Hyatt Place Owings Mills
Tremont Plaza
            We booked 2 hotels for our out-of-town guests (about 70% of our guest list) – one was the Hyatt Place in Owings Mills, about a 5 minute drive from Irvine and Linwoods. The other was the Tremont Plaza, in Mt. Vernon. We wanted our guests to at least have the option of exploring Baltimore while they were in town. (I should say, in writing these reviews, that Jeff and I stayed at neither hotel – we stayed in our own apartment.)
            Guests were happy at both hotels, and I was happy with their service. The Hyatt Place offers a free shuttle service within a 5 mile radius, so we thoroughly took advantage of this and had our guests shuttled from the hotel to Irvine (2 trips, about 30 minutes apart), from Irvine to Linwoods (2 trips), and from Linwoods back to the hotel (2 trips, about 1 hour apart).

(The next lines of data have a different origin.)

lemma letter_blocks_cong: "(\<And>a. a \<in> set as \<Longrightarrow> c a = c' a) \<Longrightarrow> letter_blocks as c = letter_blocks as c'"
  unfolding letter_blocks_def by (induction as) auto

lemma commutative_lang_iff_letter_blocks:
  assumes "commutative_lang L" "distinct as" "w \<in> lists (set as)"
  shows "letter_blocks as (count_list w) \<in> L \<longleftrightarrow> w \<in> L"
proof -
  have "count_list (letter_blocks as (count_list w)) a = count_list w a" for a
    using assms(2,3) by (auto simp: count_list_letter_blocks count_list_0_iff)
  then show ?thesis
    using assms(1) unfolding commutative_lang_def by metis
qed

lemma foldl_letter_blocks_mod_period:
  assumes closed: "\<And>a q. a \<in> \<Delta> \<Longrightarrow> q \<in> Q \<Longrightarrow> \<delta> q a \<in> Q"
    and period: "\<And>a q. a \<in> \<Delta> \<Longrightarrow> q \<in> Q \<Longrightarrow> ((\<lambda>q. \<delta> q a) ^^ N) q = q"
    and "set as \<subseteq> \<Delta>" "q \<in> Q"
  shows "foldl \<delta> q (letter_blocks as (\<lambda>a. c a mod N)) = foldl \<delta> q (letter_blocks as c)"
  using assms(3,4)
proof (induction as arbitrary: q)
  case (Cons a as)
  have "foldl \<delta> q (replicate (c a mod N) a) = foldl \<delta> q (replicate (c a) a)"
    using funpow_mod_eq[OF period] Cons.prems by (simp add: foldl_replicate)
  moreover have "foldl \<delta> q (replicate (c a) a) \<in> Q"
    using Cons.prems by (intro foldl_in_states[OF closed]) auto
  ultimately show ?case
    using Cons by (simp add: letter_blocks_def)
qed (simp add: letter_blocks_def)

definition parikh_mod :: "nat \<Rightarrow> 'a set \<Rightarrow> 'a list \<Rightarrow> 'a \<Rightarrow> nat" where
  "parikh_mod N \<Gamma> w = (\<lambda>a\<in>\<Gamma>. count_list w a mod N)"

definition parikh_mod_closed :: "nat \<Rightarrow> 'a set \<Rightarrow> 'a list set \<Rightarrow> bool" where
  "parikh_mod_closed N \<Gamma> L \<longleftrightarrow>
     (\<forall>w \<in> L. \<forall>u \<in> lists \<Gamma>. parikh_mod N \<Gamma> u = parikh_mod N \<Gamma> w \<longrightarrow> u \<in> L)"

Guests just need to sign up for a particular shuttle time when they checked in. (See Freedom Services below for how we provided shuttles for our guests staying at the Tremont). 


Studio Mathewes
            I’ve loved the community created through A Practical Wedding, so I jumped at the chance of being able to work with one of their sponsors. Jeff and I did meet with a couple of other photographers, but we loved Jocelyn’s work, and we loved her. Genuinely enthusiastic, Jocelyn infuses each moment with such joy, and it was great to have someone like her with us on our wedding day.  She made us comfortable in front of the camera and at the same time, managed to capture all of the small moments of the day we’ll remember fondly (e.g. my mom helping Jeff’s father with his boutonniere, my dad taking pictures of me and Jeff on his point and shoot even though there were 2 professional photographers around, me laughing as Jeff’s father made fun of my board game negotiating tactics during the ceremony, the crazy dancing). We couldn’t have been happier with Jocelyn and her work.


Local Color Flowers
I can’t remember where I heard about Locoflo (maybe through Jocelyn’s blog?). We didn’t meet with anybody else – we liked that they were a local business selling local things. Ellen only works with farmers that are nearby. While this means that you generally are a little restricted in your options, Jeff and I loved the idea behind Ellen’s business. We gave Ellen a general impression of what we were looking for, and she delivered beautiful, beautiful flowers and herbs for the wedding. We had potted herbs for centerpieces, and we requested white and green bouquets, boutonnieres, and corsages.






Freedom Services
To whatever extent possible, we tried to make it easy for people to have fun at the wedding (good food, good music, open bar). For a lot of people, that also means not having to worry about driving home after the reception – so we provided shuttles for our out of town guests. The Hyatt Place took care of the guests staying with them, making multiple runs throughout the night, and Freedom Services took care of the wedding party and the guests staying at the Tremont (all in 14 person vans). They were professional and friendly, and surprisingly affordable, especially compared to a limo for the wedding party.



Ze Mean Bean Café
It took us a very long time to find a rehearsal dinner venue that would be able to host about 50 people and wouldn’t break the bank. It was only a month or so before the wedding when we finally found Ze Mean Bean Café, and everything worked out wonderfully! They have a space next to the restaurant where they set up a delicious buffet with lots of Polish food, alongside some beers and wines. At times, they were a little slow to get back to us, but on the night of the rehearsal dinner, the service was great.

Various “friendors”
We also depended on so many of our kind friends to help us out during the wedding day. People helped us with: setting up the speakers and microphones at the ceremony and reception sites; making tasty and fun wedding cakes and transporting them; making a few announcements during the reception (we used an ipod for music); picking up food for our Sunday brunch which we had back at our apartment and was open to everybody; making sure everybody had a ride from the ceremony to the reception, etc., etc…I’m sure that many others pitched in without us even being aware of it. We were extremely fortunate to be surrounded by so many people who were willing to help.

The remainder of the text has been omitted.